P. Hans Kugelmeier SJ
* 1. September 1904 in Bonn
25. Juli 1993 in Trier

P. Hans (Joh. 13.) Kugelmeier wurde am 1. September 1904 in Bonn geboren, wuchs aber in Aachen auf. Die Eltern, Julius Kugelmeier und seine Frau Sibylla geb. Hahn, hatten drei Kinder, von denen Hans der Älteste neben einer Schwester und einem Bruder war. Am 5. März 1923 bestand er die Reifeprüfung am Kaiser-Karl-Gymnasium zu Aachen und trat bereits am 10. April 1923 in 's-Heerenberg/NL in die Gesellschaft Jesu ein. Als Schüler schloß er sich dem 1919 von P. Ludwig Esch und Professor Zender gegründeten 'Bund Neudeutschland' an, dessen Zielsetzung 'Lebensgestaltung in Christus' P. Kugelmeier entscheidend prägte und den Weg in den Orden wies und bahnte.

In der seit 1917 in Deutschland zugelassenen Gesellschaft Jesu herrschte damals viel innere und äußere Bewegung, da der Neuaufbau der Ordensstrukturen zu bewerkstelligen war. Das hatte z.B. zur Folge, daß P. Kugelmeier ein Jahr seines Noviziates in 'sHeerenberg und das andere in Exaten zu verbringen hatte. Auch seine philosophischen Studien absolvierte er in Valkenburg/NL (1925-27) und Pullach (1927-28). Von 1928-31 wirkte er als Präfekt im Aloisiuskolleg in Bonn-Bad Godesberg. Seine theologischen Studien machte er dann wieder im Ignatius-Kolleg zu Valkenburg (1931-35) und empfing dort am 28. August 1934 die Priesterweihe. Das Terziat in Münster 1936/37 folgte unmittelbar auf das abgeschlossene Theologiestudium.

Die Hauptstätten des Wirkens von P. Kugelmeier beschränkten sich auf einige wenige Orte: Hamburg, Lübeck, Frankfurt - St. Georgen und schließlich als letztes Kloster Nette in Osnabrück, was aber nicht hinderte, ihm unverhofft irgendwo in Deutschland zu begegnen, sei es zu Exerzitien oder einer Trauung usw. Oft und gern gab er den Josefs-Schwestern in Norwegen Exerzitien. In seiner schlichten, unkomplizierten Art fand er schnell Zugang zu Menschen jeglichen Standes.

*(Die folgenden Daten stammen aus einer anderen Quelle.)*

(* Let $\psi:[0,\infty)\to[0,\infty)$ be convex, nondecreasing, not identically zero, with $\psi(0)=0$, and for $L>0$ let $\Psi(z;L)=\exp\big(\frac{2}{L^2}\psi(Lz)\big)-1$. Suppose that for some $\tau>0$ and $L>0$ a random variable $Z$ satisfies $$P\Big(|Z|\ge \frac{\tau}{L}\,\psi^{-1}(L^2t/2)\Big)\le 2e^{-t}\quad\text{for all } t>0.$$ Then $\|Z\|_{\Psi(\cdot;\sqrt3L)}\le\sqrt3\,\tau$.
   Context: For $t>0$, $\psi^{-1}(t)$ is the unique $x\ge0$ with $\psi(x)=t$ (well defined since $\psi$ is continuous, unbounded and strictly increasing where positive). The Orlicz norm is $\|X\|_{\Psi}=\inf\{c>0:E\Psi(|X|/c)\le1\}$. *)

theory Defs
  imports "HOL-Probability.Probability"
begin

definition psi_inv :: "(real \<Rightarrow> real) \<Rightarrow> real \<Rightarrow> real" where
  "psi_inv psi t = (THE x. x \<ge> 0 \<and> psi x = t)"

definition Psi_L :: "(real \<Rightarrow> real) \<Rightarrow> real \<Rightarrow> real \<Rightarrow> real" where
  "Psi_L psi L z = exp (2 / L^2 * psi (L * z)) - 1"

text \<open>Orlicz norm, valued in the extended reals (infimum of the empty set is infinity).
  The expectation is taken as a nonnegative Lebesgue integral.\<close>
definition orlicz_norm :: "'a measure \<Rightarrow> (real \<Rightarrow> real) \<Rightarrow> ('a \<Rightarrow> real) \<Rightarrow> ereal" where
  "orlicz_norm M Psi X =
     Inf {ereal c | c. c > 0 \<and> (\<integral>\<^sup>+ x. ennreal (Psi (\<bar>X x\<bar> / c)) \<partial>M) \<le> 1}"

end

theory Submission
  imports Defs
begin

text \<open>Put \<open>W = 2 / L\<^sup>2 * \<psi> (L \<bar>Z\<bar> / \<tau>)\<close>. Since \<open>\<psi>\<close> is strictly increasing wherever it is
  positive, \<open>\<psi>\<^sup>-\<^sup>1 s \<le> y \<longleftrightarrow> s \<le> \<psi> y\<close>, so the hypothesis says exactly \<open>P(W \<ge> s) \<le> 2 e\<^sup>-\<^sup>s\<close>.
  The factors \<open>\<surd>3\<close> turn \<open>\<Psi>(\<bar>Z\<bar> / (\<surd>3 \<tau>); \<surd>3 L)\<close> into \<open>e\<^bsup>W/3\<^esup> - 1 = \<integral>\<^sub>0\<^sup>W e\<^bsup>s/3\<^esup>/3 ds\<close>, and by
  Fubini its expectation is at most \<open>\<integral>\<^sub>0\<^sup>\<infinity> (2/3) e\<^bsup>-2s/3\<^esup> ds = 1\<close>.\<close>

lemma convex_on_le_scaled_zero:
  fixes f :: "real \<Rightarrow> real"
  assumes "convex_on {0..} f" "f 0 = 0" "0 \<le> a" "a \<le> b" "0 < b"
  shows "f a \<le> a / b * f b"
proof -
  have "f ((1 - a/b) *\<^sub>R 0 + (a/b) *\<^sub>R b) \<le> (1 - a/b) * f 0 + (a/b) * f b"
    by (rule convex_onD[OF assms(1)]) (use assms in auto)
  then show ?thesis using assms by simp
qed

lemma exp_minus_one_eq_nn_integral:
  fixes a w :: real
  assumes "0 < a" "0 \<le> w"
  shows "ennreal (exp (a * w) - 1) = (\<integral>\<^sup>+s. ennreal (a * exp (a * s)) * indicator {0..w} s \<partial>lborel)"
proof -
  have "((\<lambda>s. a * exp (a * s)) has_integral (exp (a * w) - exp (a * 0))) {0..w}"
    by (intro fundamental_theorem_of_calculus)
       (use assms in \<open>auto simp: has_real_derivative_iff_has_vector_derivative[symmetric]
                        intro!: derivative_eq_intros\<close>)
  then have "((\<lambda>s. if s \<in> {0..w} then a * exp (a * s) else 0) has_integral (exp (a * w) - 1)) UNIV"
    by (simp only: has_integral_restrict_UNIV mult_zero_right exp_zero)
  then have "ennreal (exp (a * w) - 1) = (\<integral>\<^sup>+s. ennreal (if s \<in> {0..w} then a * exp (a * s) else 0) \<partial>lborel)"
    by (intro nn_integral_has_integral_lborel[symmetric]) (use assms in auto)
  also have "\<dots> = (\<integral>\<^sup>+s. ennreal (a * exp (a * s)) * indicator {0..w} s \<partial>lborel)"
    by (intro nn_integral_cong) (simp add: indicator_def)
  finally show ?thesis .
qed

lemma nn_integral_exp_neg_atLeast_0:
  fixes b :: real
  assumes "0 < b"
  shows "(\<integral>\<^sup>+s\<in>{0..}. ennreal (exp (- b * s)) \<partial>lborel) = ennreal (1 / b)"
proof -
  have "((\<lambda>s. - exp (- b * s) / b) \<longlongrightarrow> - 0 / b) at_top"
    using assms by (intro tendsto_intros filterlim_compose[OF exp_at_bot]
        filterlim_tendsto_neg_mult_at_bot[OF tendsto_const _ filterlim_ident]) auto
  then have "(\<integral>\<^sup>+s\<in>{0..}. ennreal (exp (- b * s)) \<partial>lborel) = - 0 / b - (- exp (- b * 0) / b)"
    by (intro nn_integral_FTC_atLeast) (use assms in \<open>auto intro!: derivative_eq_intros\<close>)
  then show ?thesis by simp
qed

lemma (in sigma_finite_measure) nn_integral_exp_minus_one_layer_cake:
  fixes W :: "'a \<Rightarrow> real"
  assumes [measurable]: "W \<in> borel_measurable M" and W_nonneg: "\<And>x. 0 \<le> W x" and "0 < a"
  shows "(\<integral>\<^sup>+x. ennreal (exp (a * W x) - 1) \<partial>M)
    = (\<integral>\<^sup>+s\<in>{0..}. ennreal (a * exp (a * s)) * emeasure M {x \<in> space M. s \<le> W x} \<partial>lborel)"
proof -
  interpret pair_sigma_finite M lborel
    by (simp add: pair_sigma_finite_def sigma_finite_measure_axioms lborel.sigma_finite_measure_axioms)
  have meas: "(\<lambda>(x, s). ennreal (a * exp (a * s)) * indicator {0..W x} s) \<in> borel_measurable (M \<Otimes>\<^sub>M lborel)"
    by (simp add: indicator_def split_beta')
  have inner: "(\<integral>\<^sup>+x. ennreal (a * exp (a * s)) * indicator {0..W x} s \<partial>M)
      = ennreal (a * exp (a * s)) * emeasure M {x \<in> space M. s \<le> W x} * indicator {0..} s" for s
  proof (cases "0 \<le> s")
    case True
    have "(\<integral>\<^sup>+x. ennreal (a * exp (a * s)) * indicator {0..W x} s \<partial>M)
        = (\<integral>\<^sup>+x. ennreal (a * exp (a * s)) * indicator {x \<in> space M. s \<le> W x} x \<partial>M)"
      by (intro nn_integral_cong) (use True in \<open>simp add: indicator_def\<close>)
    also have "\<dots> = ennreal (a * exp (a * s)) * emeasure M {x \<in> space M. s \<le> W x}"
      by (intro nn_integral_cmult_indicator) measurable
    finally show ?thesis using True by simp
  qed simp
  have "(\<integral>\<^sup>+x. ennreal (exp (a * W x) - 1) \<partial>M)
      = (\<integral>\<^sup>+x. \<integral>\<^sup>+s. ennreal (a * exp (a * s)) * indicator {0..W x} s \<partial>lborel \<partial>M)"
    using W_nonneg \<open>0 < a\<close> by (simp add: exp_minus_one_eq_nn_integral)
  also have "\<dots> = (\<integral>\<^sup>+s. \<integral>\<^sup>+x. ennreal (a * exp (a * s)) * indicator {0..W x} s \<partial>M \<partial>lborel)"
    using Fubini'[OF meas] by simp
  also have "\<dots> = (\<integral>\<^sup>+s\<in>{0..}. ennreal (a * exp (a * s)) * emeasure M {x \<in> space M. s \<le> W x} \<partial>lborel)"
    by (simp add: inner)
  finally show ?thesis .
qed

lemma (in prob_space) nn_integral_exp_minus_one_le_of_exponential_tail:
  fixes W :: "'a \<Rightarrow> real"
  assumes [measurable]: "W \<in> borel_measurable M" and W_nonneg: "\<And>x. 0 \<le> W x"
    and tail: "\<And>s. 0 < s \<Longrightarrow> prob {x \<in> space M. s \<le> W x} \<le> 2 * exp (- s)"
    and a: "0 < a" "a < 1"
  shows "(\<integral>\<^sup>+x. ennreal (exp (a * W x) - 1) \<partial>M) \<le> ennreal (2 * a / (1 - a))"
proof -
  have "ennreal (a * exp (a * s)) * emeasure M {x \<in> space M. s \<le> W x}
      \<le> ennreal (2 * a) * ennreal (exp (- (1 - a) * s))" if "0 \<le> s" for s
  proof -
    have "prob {x \<in> space M. s \<le> W x} \<le> 2 * exp (- s)"
    proof (cases "s = 0")
      case True
      then show ?thesis by (simp add: order_trans[OF prob_le_1])
    qed (use tail \<open>0 \<le> s\<close> in auto)
    then have "a * exp (a * s) * prob {x \<in> space M. s \<le> W x} \<le> a * exp (a * s) * (2 * exp (- s))"
      using a by (intro mult_left_mono) auto
    also have "\<dots> = 2 * a * exp (- (1 - a) * s)"
      by (simp add: algebra_simps flip: exp_add)
    finally show ?thesis
      using a by (simp add: emeasure_eq_measure ennreal_mult'[symmetric] ennreal_leI)
  qed
  then have "(\<integral>\<^sup>+x. ennreal (exp (a * W x) - 1) \<partial>M)
      \<le> (\<integral>\<^sup>+s\<in>{0..}. ennreal (2 * a) * ennreal (exp (- (1 - a) * s)) \<partial>lborel)"
    unfolding nn_integral_exp_minus_one_layer_cake[OF assms(1) W_nonneg a(1)]
    by (intro nn_integral_mono) (simp split: split_indicator)
  also have "\<dots> = ennreal (2 * a) * (\<integral>\<^sup>+s\<in>{0..}. ennreal (exp (- (1 - a) * s)) \<partial>lborel)"
    by (subst nn_integral_cmult[symmetric]) (auto simp: mult.assoc)
  also have "\<dots> = ennreal (2 * a) * ennreal (1 / (1 - a))"
    using a by (simp only: nn_integral_exp_neg_atLeast_0)
  also have "\<dots> = ennreal (2 * a / (1 - a))"
    using a by (simp add: ennreal_mult'[symmetric])
  finally show ?thesis .
qed

locale young_function =
  fixes psi :: "real \<Rightarrow> real"
  assumes nonneg: "\<And>x. 0 \<le> x \<Longrightarrow> 0 \<le> psi x"
    and convex: "convex_on {0..} psi"
    and mono: "mono_on {0..} psi"
    and nontrivial: "\<exists>x\<ge>0. psi x \<noteq> 0"
    and zero: "psi 0 = 0"
begin

lemma le_scaled: "0 \<le> a \<Longrightarrow> a \<le> b \<Longrightarrow> 0 < b \<Longrightarrow> psi a \<le> a / b * psi b"
  by (rule convex_on_le_scaled_zero[OF convex zero])

lemma less_if_pos: "0 \<le> a \<Longrightarrow> a < b \<Longrightarrow> 0 < psi b \<Longrightarrow> psi a < psi b"
  using le_scaled[of a b] mult_strict_right_mono[of "a / b" 1 "psi b"] by simp

lemma obtain_pos:
  obtains x0 where "0 < x0" "0 < psi x0"
proof -
  obtain x0 where "0 \<le> x0" "psi x0 \<noteq> 0" using nontrivial by blast
  with nonneg[of x0] zero have "0 < x0" "0 < psi x0" by (auto simp: less_le)
  then show ?thesis by (rule that)
qed

lemma surj_pos:
  assumes "0 < t"
  shows "\<exists>x\<ge>0. psi x = t"
proof -
  obtain x0 where x0: "0 < x0" "0 < psi x0" by (rule obtain_pos)
  define a where "a = min x0 (t * x0 / (2 * psi x0))"
  define b where "b = max x0 (t * x0 / psi x0)"
  have a: "0 < a" "a \<le> x0" using x0 assms by (auto simp: a_def)
  have b: "x0 \<le> b" by (simp add: b_def)
  have "psi a \<le> a / x0 * psi x0" using le_scaled a x0 by simp
  also have "\<dots> \<le> t / 2"
    using x0 mult_right_mono[of a "t * x0 / (2 * psi x0)" "psi x0 / x0"] by (simp add: a_def)
  finally have "psi a \<le> t" using assms by simp
  have "t \<le> b / x0 * psi x0"
    using x0 mult_right_mono[of "t * x0 / psi x0" b "psi x0 / x0"] by (simp add: b_def)
  also have "\<dots> \<le> psi b" using le_scaled[of x0 b] x0 b by (simp add: field_simps)
  finally have "t \<le> psi b" .
  \<comment> \<open>\<open>a > 0\<close>: convexity gives continuity only on the open half-line\<close>
  have "continuous_on {0<..} psi"
    by (intro convex_on_continuous convex_on_subset[OF convex]) auto
  then have "continuous_on {a..b} psi"
    by (rule continuous_on_subset) (use a in auto)
  then obtain x where "a \<le> x" "psi x = t"
    using IVT'[of psi a t b] \<open>psi a \<le> t\<close> \<open>t \<le> psi b\<close> a b by auto
  then show ?thesis using a by (intro exI[of _ x]) auto
qed

lemma psi_inv:
  assumes "0 < t"
  shows "0 \<le> psi_inv psi t" "psi (psi_inv psi t) = t"
proof -
  obtain x where x: "0 \<le> x" "psi x = t" using surj_pos[OF assms] by blast
  have unique: "z = x" if z: "0 \<le> z" "psi z = t" for z
  proof (cases z x rule: linorder_cases)
    case less
    then have "psi z < psi x" using less_if_pos[OF z(1) less] x assms by simp
    then show ?thesis using x z by simp
  next
    case greater
    then have "psi x < psi z" using less_if_pos[OF x(1) greater] z assms by simp
    then show ?thesis using x z by simp
  qed
  have "psi_inv psi t = x"
    unfolding psi_inv_def using x unique by (intro the_equality) blast+
  then show "0 \<le> psi_inv psi t" "psi (psi_inv psi t) = t" using x by simp_all
qed

lemma psi_inv_le_iff:
  assumes "0 < t" "0 \<le> y"
  shows "psi_inv psi t \<le> y \<longleftrightarrow> t \<le> psi y"
proof
  assume "psi_inv psi t \<le> y"
  then have "psi (psi_inv psi t) \<le> psi y"
    using psi_inv(1)[OF assms(1)] assms(2) by (intro mono_onD[OF mono]) auto
  then show "t \<le> psi y" by (simp add: psi_inv(2)[OF assms(1)])
next
  assume "t \<le> psi y"
  show "psi_inv psi t \<le> y"
  proof (rule ccontr)
    assume "\<not> psi_inv psi t \<le> y"
    then have "psi y < psi (psi_inv psi t)"
      using assms by (intro less_if_pos) (simp_all add: psi_inv)
    with \<open>t \<le> psi y\<close> show False by (simp add: psi_inv(2)[OF assms(1)])
  qed
qed

lemma rescaled_le_iff_psi_inv_le:
  assumes "0 < s" "0 \<le> r" "0 < \<tau>" "0 < L"
  shows "s \<le> 2 / L^2 * psi (L * r / \<tau>) \<longleftrightarrow> \<tau> / L * psi_inv psi (L^2 * s / 2) \<le> r"
proof -
  have "s \<le> 2 / L^2 * psi (L * r / \<tau>) \<longleftrightarrow> L^2 * s / 2 \<le> psi (L * r / \<tau>)"
    using assms by (simp add: field_simps)
  also have "\<dots> \<longleftrightarrow> psi_inv psi (L^2 * s / 2) \<le> L * r / \<tau>"
    using assms by (intro psi_inv_le_iff[symmetric]) auto
  also have "\<dots> \<longleftrightarrow> \<tau> / L * psi_inv psi (L^2 * s / 2) \<le> r"
    using assms by (simp add: field_simps)
  finally show ?thesis .
qed

lemma borel_measurable_comp_nonneg:
  assumes f: "f \<in> borel_measurable M" and f_nonneg: "\<And>x. 0 \<le> f x"
  shows "(\<lambda>x. psi (f x)) \<in> borel_measurable M"
proof -
  have "mono (\<lambda>y. psi (max 0 y))"
    by (intro monoI mono_onD[OF mono]) auto
  then have "(\<lambda>x. psi (max 0 (f x))) \<in> borel_measurable M"
    using measurable_compose[OF f borel_measurable_mono] by blast
  then show ?thesis using f_nonneg by (simp add: max_absorb2)
qed

end

lemma orlicz_norm_le:
  assumes "0 < c" "(\<integral>\<^sup>+x. ennreal (Psi (\<bar>X x\<bar> / c)) \<partial>M) \<le> 1"
  shows "orlicz_norm M Psi X \<le> ereal c"
  unfolding orlicz_norm_def using assms by (auto intro!: Inf_lower)

theorem lemma17:
  fixes M :: "'a measure" and Z :: "'a \<Rightarrow> real" and psi :: "real \<Rightarrow> real"
    and \<tau> L :: real
  assumes "prob_space M"
    and "Z \<in> borel_measurable M"
    and "\<forall>x\<ge>0. psi x \<ge> 0"
    and "convex_on {0..} psi"
    and "mono_on {0..} psi"
    and "\<exists>x\<ge>0. psi x \<noteq> 0"
    and "psi 0 = 0"
    and "\<tau> > 0" and "L > 0"
    and "\<forall>t>0. measure M {x \<in> space M. \<bar>Z x\<bar> \<ge> \<tau> / L * psi_inv psi (L^2 * t / 2)}
                \<le> 2 * exp (- t)"
  shows "orlicz_norm M (Psi_L psi (sqrt 3 * L)) Z \<le> ereal (sqrt 3 * \<tau>)"
proof -
  interpret prob_space M by fact
  interpret young_function psi by unfold_locales (use assms(3-7) in auto)
  note tau = \<open>\<tau> > 0\<close> and L = \<open>L > 0\<close>
  define W where "W x = 2 / L^2 * psi (L * \<bar>Z x\<bar> / \<tau>)" for x
  have W_nonneg: "0 \<le> W x" for x
    using nonneg tau L by (simp add: W_def)
  have W_meas: "W \<in> borel_measurable M"
    unfolding W_def using assms(2) tau L
    by (intro borel_measurable_times borel_measurable_const borel_measurable_comp_nonneg) auto
  have "s \<le> W x \<longleftrightarrow> \<tau> / L * psi_inv psi (L^2 * s / 2) \<le> \<bar>Z x\<bar>" if "0 < s" for s x
    unfolding W_def using that tau L by (intro rescaled_le_iff_psi_inv_le) auto
  then have "prob {x \<in> space M. s \<le> W x} \<le> 2 * exp (- s)" if "0 < s" for s
    using assms(10) that by simp
  then have "(\<integral>\<^sup>+x. ennreal (exp (1/3 * W x) - 1) \<partial>M) \<le> ennreal (2 * (1/3) / (1 - 1/3))"
    by (intro nn_integral_exp_minus_one_le_of_exponential_tail W_meas W_nonneg) auto
  moreover have "Psi_L psi (sqrt 3 * L) (\<bar>Z x\<bar> / (sqrt 3 * \<tau>)) = exp (1/3 * W x) - 1" for x
    using tau by (simp add: Psi_L_def W_def power_mult_distrib)
  ultimately show ?thesis
    using tau by (intro orlicz_norm_le) auto
qed

end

Am 10. April 1993, einem Ostermontag, durfte P. Hans Kugelmeier den 70. Jahrestag seiner Zugehörigkeit zur Gesellschaft Jesu in einer schlichten Eucharistiefeier in Kloster Nette begehen. In seinem Dankeswort vom 5. Mai auf die zahlreichen Glückwünsche meinte er am Schluß: "Inzwischen schaue ich schon auf das nächste Jubiläum aus, nach dem Motto: 'Alte Esel Iubilieren Ohne Unterlaß'! Im kommenden Jahr ist mein 60jähriges Priesterjubiläum. Diese Mitteilung stelle ich aber unter den jakobitischen Vorbehalt (Jak 4,13-17), wie Michael Franck ihn in seinem tiefsinnigen Lied ausspricht:

    Ach wie flüchtig, ach wie nichtig
    ist des Menschen Leben!
    Wie ein Nebel bald entstehet
    Und auch wieder bald vergehet,
    so ist unser Leben, sehet!

Als P. Kugelmeier das niederschrieb, mag er irgendwie geahnt haben, es werde nicht mehr allzulange dauern bis zu jenem geheimnisvollen Geschehen. Nur knappe drei Monate sollten ihm noch verbleiben. Aber so war er und so kannten wir ihn: umsichtig, vorausschauend und dabei sich den nüchternen Blick bewahrend, aber auch zuweilen besorgt-ängstlich. In seiner Antwort auf die Glückwünsche zur Vollendung seines 85. Lebensjahres schrieb er: "Ich bleibe also auf meinem Posten, bis der Herr mich ruft". Auch das kennzeichnete seine Persönlichkeit: Festhalten an dem, was er als richtig erkannte bzw. auf dem Platz ausharren, auf den die Obern ihn gestellt hatten. Und gerade diese an sich positive Haltung sollte ihm in seinem letzten Lebensjahr einige Unruhe und Sorge eintragen. Von wohlmeinender Seite versuchte man ihm nahezulegen, P. Provinzial zu bitten, ihn von den Aufgaben des Hausgeistlichen im Mutterhaus der 'Missionsschwestern vom heiligen Namen Mariens' in Kloster Nette/Osnabrück-Haste zu entbinden. Dieser Vorschlag bereitete ihm nicht geringe Unruhe und Sorge. Er wollte Klarheit haben. Darum wandte er sich an P. Provinzial, da er es genau wissen wollte. Dieser beruhigte ihn und ließ ihn schriftlich wissen, er könne bleiben, solange er seine Aufgaben wahrnehmen könne.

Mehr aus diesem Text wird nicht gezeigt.